Your Dose of Reg.exe, Week {14}
Reg.exe is a global, closed community of 260+ engineers, founders, and researchers in AI—from San Francisco to Tokyo. Each week we share discussion highlights in a short newsletter.
Events
🇩🇪 Engineering Night #8 in Berlin (October 15) - Technical gathering bringing together engineering folks in Berlin for networking and discussions.
🇬🇧 Inference & vLLM meetup (October 20) - After successful meetups in Paris, Exxa is expanding to London with talks on inference optimization, speculative decoding, and AI hardware.
🇬🇧 Engineering Night #7 in London (past) - Despite some unforeseen difficulties, Jules Belveze (Dust) had a blast meeting Vincent Moens (Periodic Labs)
Job Board
🇪🇺 Senior Product Manager at Wire - Wire is seeking a senior product manager for their calling/conferencing product line. The role focuses on building a European, sovereign, secure alternative to big American players. Remote from Europe or in Berlin/Paris offices.
Autonomous Agents
OpenAI’s AgentKit, obviously - OpenAI has unveiled AgentKit, a new toolset for building, deploying, and optimizing AI agents, aimed at developers and enterprises. (🙏 Kevin Kuipers, Robert Hommes)
Key modules include Agent Builder (visual workflow design), Connector Registry (data/tool integration), and ChatKit (embedding chat-based agent UIs).
Agent Builder lets you visually compose, version, and configure workflows, speeding up agent creation and collaboration.
Connector Registry centralizes management of data sources, enabling seamless connections across ChatGPT, APIs, and third-party tools.
ChatKit simplifies deploying chat interfaces for agents, with quick setup and easy customization for apps and websites.
Expanded evaluation features: automated prompt optimization, trace grading, dataset management, and third-party model support to boost agent quality.
New reinforcement fine-tuning options help agents reason better, including support for custom tool calls and custom grading criteria.

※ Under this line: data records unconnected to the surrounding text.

(* Let $R$ be an associative (unital) ring and let $\sigma\colon R\to R$ be an additive bijection with $\sigma(1)=1$. If $R$ is right Noetherian, then the non-associative skew Laurent series ring $R((X;\sigma))$ is right Noetherian.
   Context: A right ideal of a non-associative ring $S$ is an additive subgroup $I$ with $Is\subseteq I$ for all $s\in S$; $S$ is right Noetherian if it satisfies the ascending chain condition on right ideals. $R((X;\sigma))$ is the set of formal series $\sum_{i\in\mathbb{Z}} r_iX^i$ with $r_i\in R$ and $r_i=0$ for all sufficiently negative $i$, with pointwise addition and multiplication $\left(\sum_m a_mX^m\right)\left(\sum_n b_nX^n\right)=\sum_{k}\left(\sum_{m+n=k}a_m\sigma^m(b_n)\right)X^k$ (finite inner sums), i.e. the extension of $(rX^m)(sX^n)=(r\sigma^m(s))X^{m+n}$ for $r,s\in R$, $m,n\in\mathbb{Z}$, where $\sigma^m$ for $m<0$ is a power of $\sigma^{-1}$; it is a unital, not necessarily associative ring. *)

theory Defs
  imports Main "HOL-Library.Function_Algebras"
begin

definition right_ideal_in :: "'b::ab_group_add set \<Rightarrow> ('b \<Rightarrow> 'b \<Rightarrow> 'b) \<Rightarrow> 'b set \<Rightarrow> bool" where
  "right_ideal_in S mul I \<longleftrightarrow>
     I \<subseteq> S \<and> 0 \<in> I \<and> (\<forall>x\<in>I. \<forall>y\<in>I. x + y \<in> I) \<and> (\<forall>x\<in>I. - x \<in> I)
     \<and> (\<forall>x\<in>I. \<forall>s\<in>S. mul x s \<in> I)"

definition right_noetherian_in :: "'b::ab_group_add set \<Rightarrow> ('b \<Rightarrow> 'b \<Rightarrow> 'b) \<Rightarrow> bool" where
  "right_noetherian_in S mul \<longleftrightarrow>
     (\<forall>I :: nat \<Rightarrow> 'b set. (\<forall>n. right_ideal_in S mul (I n)) \<and> (\<forall>n. I n \<subseteq> I (Suc n))
        \<longrightarrow> (\<exists>N. \<forall>n\<ge>N. I n = I N))"

text \<open>Formal Laurent series over R: functions int => R vanishing for all sufficiently
  negative indices; addition is pointwise (Function_Algebras).\<close>

definition laurent_carrier :: "(int \<Rightarrow> 'a::zero) set" where
  "laurent_carrier = {f. \<exists>N. \<forall>i<N. f i = 0}"

definition sigma_pow :: "('a \<Rightarrow> 'a) \<Rightarrow> int \<Rightarrow> 'a \<Rightarrow> 'a" where
  "sigma_pow \<sigma> m = (if 0 \<le> m then \<sigma> ^^ nat m else (inv \<sigma>) ^^ nat (- m))"

text \<open>Multiplication: coefficient k is the (finite) sum over m+n=k of a_m sigma^m(b_n);
  terms with a_m = 0 or b_n = 0 vanish, so we sum over the finite set of relevant m.\<close>

definition laurent_mult :: "('a::ring_1 \<Rightarrow> 'a) \<Rightarrow> (int \<Rightarrow> 'a) \<Rightarrow> (int \<Rightarrow> 'a) \<Rightarrow> (int \<Rightarrow> 'a)" where
  "laurent_mult \<sigma> f g = (\<lambda>k. \<Sum>m \<in> {m. f m \<noteq> 0 \<and> g (k - m) \<noteq> 0}.
       f m * sigma_pow \<sigma> m (g (k - m)))"

end

theory Submission
  imports Defs
begin

text \<open>Multiplying a series on the right by the monomial \<open>X\<^sup>-\<^sup>k\<close> shifts its coefficients
  without twisting them, because \<open>\<sigma>\<^sup>m(1) = 1\<close>; hence the leading coefficients of a right
  ideal \<open>I\<close> of \<open>R((X;\<sigma>))\<close>, all moved to degree 0, form a right ideal \<open>lead I\<close> of \<open>R\<close>. If \<open>I \<subseteq> J\<close> are right ideals
  with \<open>lead J \<subseteq> lead I\<close>, then \<open>J = I\<close>: \<open>lead I\<close> is generated by the leading coefficients of
  finitely many \<open>F\<^sub>1, \<dots>, F\<^sub>n \<in> I\<close>, so the coefficients of \<open>g \<in> J\<close> can be cancelled one
  after the other by right multiples \<open>F\<^sub>i \<cdot> c X\<^sup>k\<close>, and the monomials used for each \<open>F\<^sub>i\<close>
  add up to a series \<open>h\<^sub>i\<close> with \<open>g = \<Sum> F\<^sub>i h\<^sub>i \<in> I\<close>. Consequently an ascending chain of right
  ideals stabilises as soon as the chain of their leading coefficient ideals does.\<close>

lemma right_ideal_in_zero: "right_ideal_in S mul I \<Longrightarrow> 0 \<in> I"
  unfolding right_ideal_in_def by blast

lemma right_ideal_in_add: "right_ideal_in S mul I \<Longrightarrow> x \<in> I \<Longrightarrow> y \<in> I \<Longrightarrow> x + y \<in> I"
  unfolding right_ideal_in_def by blast

lemma right_ideal_in_uminus: "right_ideal_in S mul I \<Longrightarrow> x \<in> I \<Longrightarrow> - x \<in> I"
  unfolding right_ideal_in_def by blast

lemma right_ideal_in_diff: "right_ideal_in S mul I \<Longrightarrow> x \<in> I \<Longrightarrow> y \<in> I \<Longrightarrow> x - y \<in> I"
  using right_ideal_in_add[of S mul I x "- y"] right_ideal_in_uminus[of S mul I y] by simp

lemma right_ideal_in_mul: "right_ideal_in S mul I \<Longrightarrow> x \<in> I \<Longrightarrow> s \<in> S \<Longrightarrow> mul x s \<in> I"
  unfolding right_ideal_in_def by blast

lemma right_ideal_in_subset: "right_ideal_in S mul I \<Longrightarrow> x \<in> I \<Longrightarrow> x \<in> S"
  unfolding right_ideal_in_def by blast

lemma right_ideal_in_sum:
  assumes "right_ideal_in S mul I" "\<And>t. t \<in> T \<Longrightarrow> x t \<in> I"
  shows "(\<Sum>t\<in>T. x t) \<in> I"
  using assms(2)
  by (induction T rule: infinite_finite_induct)
    (simp_all add: right_ideal_in_zero[OF assms(1)] right_ideal_in_add[OF assms(1)])

definition right_span :: "(nat \<Rightarrow> 'a::ring_1) \<Rightarrow> nat \<Rightarrow> 'a set" where
  "right_span a n = {x. \<exists>c. x = (\<Sum>i<n. a i * c i)}"

lemma right_ideal_in_right_span: "right_ideal_in UNIV (*) (right_span a n)"
  unfolding right_ideal_in_def
proof (intro conjI ballI)
  show "0 \<in> right_span a n" unfolding right_span_def by (auto intro!: exI[of _ "\<lambda>_. 0"])
  fix x assume "x \<in> right_span a n"
  then obtain c where c: "x = (\<Sum>i<n. a i * c i)" unfolding right_span_def by blast
  show "- x \<in> right_span a n" unfolding right_span_def
    by (auto simp: c sum_negf intro!: exI[of _ "\<lambda>i. - c i"])
  fix s :: 'a
  show "x * s \<in> right_span a n" unfolding right_span_def
    by (auto simp: c sum_distrib_right mult.assoc intro!: exI[of _ "\<lambda>i. c i * s"])
next
  fix x y assume "x \<in> right_span a n" "y \<in> right_span a n"
  then obtain c d where "x = (\<Sum>i<n. a i * c i)" "y = (\<Sum>i<n. a i * d i)"
    unfolding right_span_def by blast
  then show "x + y \<in> right_span a n" unfolding right_span_def
    by (auto simp: sum.distrib distrib_left intro!: exI[of _ "\<lambda>i. c i + d i"])
qed simp

lemma right_span_cong: "(\<And>i. i < n \<Longrightarrow> a i = b i) \<Longrightarrow> right_span a n = right_span b n"
  unfolding right_span_def by auto

lemma right_span_subset_Suc: "right_span a n \<subseteq> right_span a (Suc n)"
proof
  fix x assume "x \<in> right_span a n"
  then obtain c where "x = (\<Sum>i<n. a i * c i)" unfolding right_span_def by blast
  then have "x = (\<Sum>i<Suc n. a i * (c(n := 0)) i)" by simp
  then show "x \<in> right_span a (Suc n)" unfolding right_span_def by blast
qed

lemma generator_in_right_span: "a n \<in> right_span a (Suc n)"
proof -
  have "a n = (\<Sum>i<Suc n. a i * (if i = n then 1 else 0))" by simp
  then show ?thesis unfolding right_span_def by (intro CollectI exI)
qed

lemma right_noetherian_in_finite_span:
  fixes L :: "'a::ring_1 set"
  assumes "right_noetherian_in (UNIV :: 'a set) (*)"
  shows "\<exists>n a. (\<forall>i<n. a i \<in> L) \<and> L \<subseteq> right_span a n"
proof (rule ccontr)
  assume no_span: "\<not> ?thesis"
  have extend: "\<exists>b. (\<forall>i<Suc n. b i \<in> L) \<and> (\<forall>i<n. b i = a i) \<and> b n \<notin> right_span a n"
    if a: "\<forall>i<n. a i \<in> L" for n a
  proof -
    obtain x where "x \<in> L" "x \<notin> right_span a n" using no_span a by blast
    then show ?thesis using a by (intro exI[of _ "a(n := x)"]) (auto simp: less_Suc_eq)
  qed
  obtain A where A_in: "\<And>n i. i < n \<Longrightarrow> A n i \<in> L"
    and A_Suc: "\<And>n i. i < n \<Longrightarrow> A (Suc n) i = A n i"
    and A_new: "\<And>n. A (Suc n) n \<notin> right_span (A n) n"
    using dependent_nat_choice[of "\<lambda>n a. \<forall>i<n. a i \<in> L"
        "\<lambda>n a b. (\<forall>i<n. b i = a i) \<and> b n \<notin> right_span a n", OF _ extend]
    by auto
  define J where "J n = right_span (A n) n" for n
  have J_Suc: "right_span (A (Suc n)) n = J n" for n
    unfolding J_def using A_Suc by (rule right_span_cong)
  have "\<forall>n. right_ideal_in UNIV (*) (J n)"
    unfolding J_def by (simp add: right_ideal_in_right_span)
  moreover have "\<forall>n. J n \<subseteq> J (Suc n)"
    using right_span_subset_Suc J_Suc unfolding J_def by metis
  ultimately have "\<exists>N. \<forall>n\<ge>N. J n = J N"
    using assms unfolding right_noetherian_in_def by (elim allE[of _ J]) blast
  then obtain N where "J (Suc N) = J N" by (metis le_SucI order_refl)
  moreover have "A (Suc N) N \<in> J (Suc N)" unfolding J_def by (rule generator_in_right_span)
  ultimately show False using A_new[of N] unfolding J_def by simp
qed

lemma sum_fun_apply: "(\<Sum>t\<in>T. (H t :: 'b \<Rightarrow> 'c::comm_monoid_add)) k = (\<Sum>t\<in>T. H t k)"
  by (induction T rule: infinite_finite_induct) auto

lemma funpow_additive:
  fixes f :: "'a::plus \<Rightarrow> 'a"
  assumes "\<And>x y. f (x + y) = f x + f y"
  shows "(f ^^ n) (x + y) = (f ^^ n) x + (f ^^ n) y"
  by (induction n) (simp_all add: assms)

lemma inv_additive:
  assumes "bij f" "\<And>x y. f (x + y) = f x + f y"
  shows "inv f (x + y) = inv f x + inv f y"
proof -
  have "f (inv f x + inv f y) = x + y"
    using assms by (simp add: bij_is_surj surj_f_inv_f)
  then show ?thesis using assms(1) by (metis bij_is_inj inv_f_f)
qed

abbreviation laurent_monom :: "'a::zero \<Rightarrow> int \<Rightarrow> int \<Rightarrow> 'a" where
  "laurent_monom c j \<equiv> (\<lambda>k. if k = j then c else 0)"

lemma laurent_monom_in_carrier: "laurent_monom c j \<in> laurent_carrier"
  unfolding laurent_carrier_def by (auto intro!: exI[of _ j])

definition lead :: "(int \<Rightarrow> 'a::zero) set \<Rightarrow> 'a set" where
  "lead I = {f 0 | f. f \<in> I \<and> (\<forall>i<0. f i = 0)}"

lemma leadI: "f \<in> I \<Longrightarrow> \<forall>i<0. f i = 0 \<Longrightarrow> f 0 = x \<Longrightarrow> x \<in> lead I"
  unfolding lead_def by blast

lemma lead_mono: "I \<subseteq> J \<Longrightarrow> lead I \<subseteq> lead J"
  unfolding lead_def by blast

Some felt the approaches were steps sideways rather than forward, relying on deterministic flowchart logic similar to older tools.
Cyber
🤯 Weaponizing image scaling against production AI systems - Trail of Bits revealed sophisticated attack exploiting image scaling on Gemini CLI, Vertex AI Studio, and other production AI systems. The vulnerability allows data exfiltration and prompt injection. (🙏 Pierre Chapuis @ Finegrain)
“This attack works because AI systems often scale down large images before sending them to the model: when scaled, these images can reveal prompt injections that are not visible at full resolution”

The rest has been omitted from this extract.